Élections municipales · 15 ET 22 MARS 2020

//Nancy en commun s’oppose à la réouverture des écoles le 11 mai

Nancy en Commun est opposé à la réouverture des écoles et autres lieux publics municipaux de Nancy à partir du 11 mai. Cette date a été choisie arbitrairement par le président de la République sans en avoir vérifié la pertinence et la faisabilité, et suivie de façon improvisée par le maire de Nancy. (D’autres communes du Grand Nancy ont fait des choix plus éclairés.)

Plusieurs éléments justifient cette position.

Le 7 mai, la région Grand Est a été maintenue en zone rouge, en raison d’une organisation tendue des services hospitaliers de réanimation.

Le 14 avril, le conseil national de l’Ordre des médecins a dit ne pas comprendre la décision de réouverture des écoles, indiquant que « les enfants sont des vecteurs potentiels sans développer eux-mêmes l’infection, sauf à de rares exceptions » et rappelant qu’« il est très difficile en milieu scolaire de faire respecter les gestes barrières ».
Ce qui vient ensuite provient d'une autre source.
lemma onb_parseval_unit:
  assumes "onb n e" "x \<in> carrier_vec n" "x \<bullet>c x = 1"
  shows "(\<Sum>k<n. (cmod (x \<bullet>c e k))\<^sup>2) = 1"
  using cscalar_prod_self[OF assms(2)] assms(3) onb_parseval[OF assms(1,2)] by (metis of_real_eq_1_iff)

lemma onb_unit_vec: "onb n (\<lambda>k. unit_vec n k)"
  unfolding onb_def by (simp add: cscalar_prod_unit_vec)

lemma bij_betw_div_mod: "bij_betw (\<lambda>n. (n div b, n mod b)) {..<a * b} ({..<a} \<times> {..<b::nat})"
proof (rule bij_betw_byWitness[where f' = "\<lambda>(i, j). i * b + j"])
qed (auto simp: mult_add_less_mult less_mult_imp_div_less intro!: mod_less_divisor gr0I)

lemma onb_tensor_vec:
  assumes f: "onb a f" and g: "onb b g" and \<sigma>: "bij_betw \<sigma> {..<a * b} ({..<a} \<times> {..<b})"
  shows "onb (a * b) (\<lambda>n. tensor_vec (f (fst (\<sigma> n))) (g (snd (\<sigma> n))))"
proof -
  have \<sigma>_lt: "fst (\<sigma> n) < a \<and> snd (\<sigma> n) < b" if "n < a * b" for n
    using bij_betwE[OF \<sigma>] that by (metis lessThan_iff mem_Times_iff)
  have \<sigma>_eq: "\<sigma> i = \<sigma> j \<longleftrightarrow> i = j" if "i < a * b" "j < a * b" for i j
    using \<sigma> that unfolding bij_betw_def inj_on_def by auto
  show ?thesis
    unfolding onb_def
  proof (intro conjI allI impI)
    fix i j assume i: "i < a * b" and j: "j < a * b"
    show "tensor_vec (f (fst (\<sigma> i))) (g (snd (\<sigma> i))) \<in> carrier_vec (a * b)"
      using \<sigma>_lt[OF i] f g by (simp add: tensor_vec_carrier onb_carrier)
    show "tensor_vec (f (fst (\<sigma> i))) (g (snd (\<sigma> i))) \<bullet>c tensor_vec (f (fst (\<sigma> j))) (g (snd (\<sigma> j)))
        = (if i = j then 1 else 0)"
      using \<sigma>_lt[OF i] \<sigma>_lt[OF j] \<sigma>_eq[OF i j] f g
      by (auto simp: cscalar_prod_tensor_vec[of _ a _ _ b] onb_carrier onb_cscalar_prod prod_eq_iff)
  qed
qed

lemma unitary_mat_cscalar_prod:
  assumes U: "unitary_mat N U" and x: "x \<in> carrier_vec N" and y: "y \<in> carrier_vec N"
  shows "(U *\<^sub>v x) \<bullet>c (U *\<^sub>v y) = x \<bullet>c y"
proof -
  have UC: "U \<in> carrier_mat N N" and UU: "mat_adjoint U * U = 1\<^sub>m N"
    using U unfolding unitary_mat_def by auto
  have cols: "(\<Sum>a<N. U $$ (a, c) * cnj (U $$ (a, d))) = (if d = c then 1 else 0)"
    if "c < N" "d < N" for c d
  proof -
    have "(mat_adjoint U * U) $$ (d, c) = (\<Sum>a<N. U $$ (a, c) * cnj (U $$ (a, d)))"
      using that UC by (simp add: mat_adjoint_eq_mat scalar_prod_def lessThan_atLeast0 mult.commute)
    then show ?thesis using UU that by simp
  qed
  have "(U *\<^sub>v x) \<bullet>c (U *\<^sub>v y) = (\<Sum>a<N. (U *\<^sub>v x) $ a * cnj ((U *\<^sub>v y) $ a))"
    using UC x y by (simp add: cscalar_prod_eq_sum[of _ N] del: index_mult_mat_vec)
  also have "\<dots> = (\<Sum>a<N. (\<Sum>c<N. x $ c * U $$ (a, c)) * (\<Sum>d<N. cnj (y $ d) * cnj (U $$ (a, d))))"
    by (intro sum.cong refl, simp only: lessThan_iff mult_mat_vec_eq_sum[OF UC x]
        mult_mat_vec_eq_sum[OF UC y] cnj_sum complex_cnj_mult mult.commute)
  also have "\<dots> = (\<Sum>c<N. \<Sum>d<N. x $ c * cnj (y $ d) * (\<Sum>a<N. U $$ (a, c) * cnj (U $$ (a, d))))"
    by (rule sum_product_swap)
  also have "\<dots> = x \<bullet>c y"
    using x y by (simp add: cols if_distrib[where f="\<lambda>t. _ * t"] cscalar_prod_eq_sum cong: if_cong)
  finally show ?thesis .
qed

lemma onb_unitary_image:
  assumes U: "unitary_mat N U" and \<psi>: "onb N \<psi>"
  shows "onb N (\<lambda>n. U *\<^sub>v \<psi> n)"
proof -
  have "U \<in> carrier_mat N N" using U unfolding unitary_mat_def by simp
  then show ?thesis
    using \<psi> unfolding onb_def by (simp add: unitary_mat_cscalar_prod[OF U])
qed

lemma unitary_mat_from_onb:
  assumes \<psi>: "onb N \<psi>" and \<chi>: "onb N \<chi>"
  shows "\<exists>U. unitary_mat N U \<and> (\<forall>k<N. U *\<^sub>v \<psi> k = \<chi> k)"
proof (intro exI conjI allI impI)
  define U where "U = mat N N (\<lambda>(a, b). \<Sum>n<N. \<chi> n $ a * cnj (\<psi> n $ b))"
  have UC: "U \<in> carrier_mat N N" unfolding U_def by simp
  have "mat_adjoint U * U = 1\<^sub>m N"
  proof (rule eq_matI)
    fix a b assume "a < dim_row (1\<^sub>m N :: complex mat)" "b < dim_col (1\<^sub>m N :: complex mat)"
    then have ab: "a < N" "b < N" by auto
    have "(mat_adjoint U * U) $$ (a, b)
        = (\<Sum>c<N. (\<Sum>n<N. \<psi> n $ a * cnj (\<chi> n $ c)) * (\<Sum>n'<N. cnj (\<psi> n' $ b) * \<chi> n' $ c))"
      using ab by (simp add: U_def mat_adjoint_eq_mat scalar_prod_def lessThan_atLeast0 mult.commute)
    also have "\<dots> = (\<Sum>n<N. \<Sum>n'<N. \<psi> n $ a * cnj (\<psi> n' $ b) * (\<Sum>c<N. \<chi> n' $ c * cnj (\<chi> n $ c)))"
      by (subst sum_product_swap) (simp add: mult.commute)
    also have "\<dots> = 1\<^sub>m N $$ (a, b)"
      using \<chi> \<psi> ab by (simp add: onb_orthonormal_sum onb_completeness if_distrib[where f="\<lambda>t. _ * t"]
          cong: if_cong)
    finally show "(mat_adjoint U * U) $$ (a, b) = 1\<^sub>m N $$ (a, b)" .
  qed (simp_all add: U_def mat_adjoint_eq_mat)
  moreover from this have "U * mat_adjoint U = 1\<^sub>m N"
    by (rule mat_mult_left_right_inverse[rotated 2]) (simp_all add: U_def mat_adjoint_eq_mat)
  ultimately show "unitary_mat N U"
    unfolding unitary_mat_def using UC by simp
  fix k assume k: "k < N"
  show "U *\<^sub>v \<psi> k = \<chi> k"
  proof (rule eq_vecI)
    fix a assume "a < dim_vec (\<chi> k)"
    then have a: "a < N" using onb_carrier[OF \<chi> k] by simp
    have "(U *\<^sub>v \<psi> k) $ a = (\<Sum>b<N. (\<Sum>n<N. \<chi> n $ a * cnj (\<psi> n $ b)) * \<psi> k $ b)"
      using a k \<psi> by (simp add: U_def mult_mat_vec_eq_sum[of _ N N] onb_carrier del: index_mult_mat_vec)
    also have "\<dots> = (\<Sum>b<N. \<Sum>n<N. \<chi> n $ a * (\<psi> k $ b * cnj (\<psi> n $ b)))"
      by (simp add: sum_distrib_left sum_distrib_right mult_ac)
    also have "\<dots> = (\<Sum>n<N. \<chi> n $ a * (\<Sum>b<N. \<psi> k $ b * cnj (\<psi> n $ b)))"
      by (subst sum.swap) (simp add: sum_distrib_left)
    also have "\<dots> = \<chi> k $ a"
      using k \<psi> by (simp add: onb_orthonormal_sum if_distrib[where f="\<lambda>t. _ * t"] cong: if_cong)
    finally show "(U *\<^sub>v \<psi> k) $ a = \<chi> k $ a" .
  qed (use onb_carrier[OF \<chi> k] UC in simp_all)
qed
Le 20 avril, le Conseil national scientifique a rejoint cette position, et le 24, faute d’être suivi par le gouvernement sur une réouverture des écoles en septembre, il a établi des règles sanitaires minimales d’accueil dans les écoles, notamment le port du masque, l’application des mesures barrières et des règles de distanciation pour les personnels et les enfants.

Les conditions de réouverture s’avèrent délétères, les règles étant inapplicables et anxiogènes pour les élèves les plus jeunes confiés à l’Éducation nationale.

Tout d’abord, la réouverture des écoles fera croître les inégalités entre les élèves puisque toutes les écoles n’ouvriront pas en même temps. C’est une rupture supplémentaire avec le principe de l’école républicaine qui doit garantir un enseignement de très haute qualité pour toutes et tous. D’ailleurs, le ministre de l’Éducation nationale reconnaît lui-même que seulement 15 % des enfants pourront reprendre l’école. Ensuite, il est inacceptable que les enfants servent de cobayes d’une réouverture qui serait la préfiguration d’une éventuelle rentrée en septembre. Les milieux populaires risquent d’être concernés en priorité. Enfin, le déconfinement, pour une partie des enfants et de façon intermittente, n’est pas susceptible d’abaisser le « taux de décrochage ».

Le plan de déconfinement et la réouverture des écoles placent parents, enseignants et fonctionnaires territoriaux devant une situation anxiogène et violente. Il divise la communauté éducative et la population, ce qui limite d’autant leur capacité d’agir dans le cadre de l’unité républicaine.

Pour Nancy en Commun, l’application du principe de précaution éviterait à coup sûr le développement de nouveaux foyers de contamination.

La décision de réouverture aurait dû être prise de façon consensuelle, en associant l’ensemble des parties prenantes, et non de façon directive… avec l’intention de chercher à plaire à un gouvernement en mal de crédibilité sur le sujet.

Nancy en Commun estime que la réouverture des écoles sera envisageable quand la collectivité et l’administration pourront garantir à 100 % la sécurité sanitaire pour la totalité des enfants et des personnels. Il doit en aller de même pour l’ensemble des services municipaux accueillant du public (bibliothèques, stades, etc.).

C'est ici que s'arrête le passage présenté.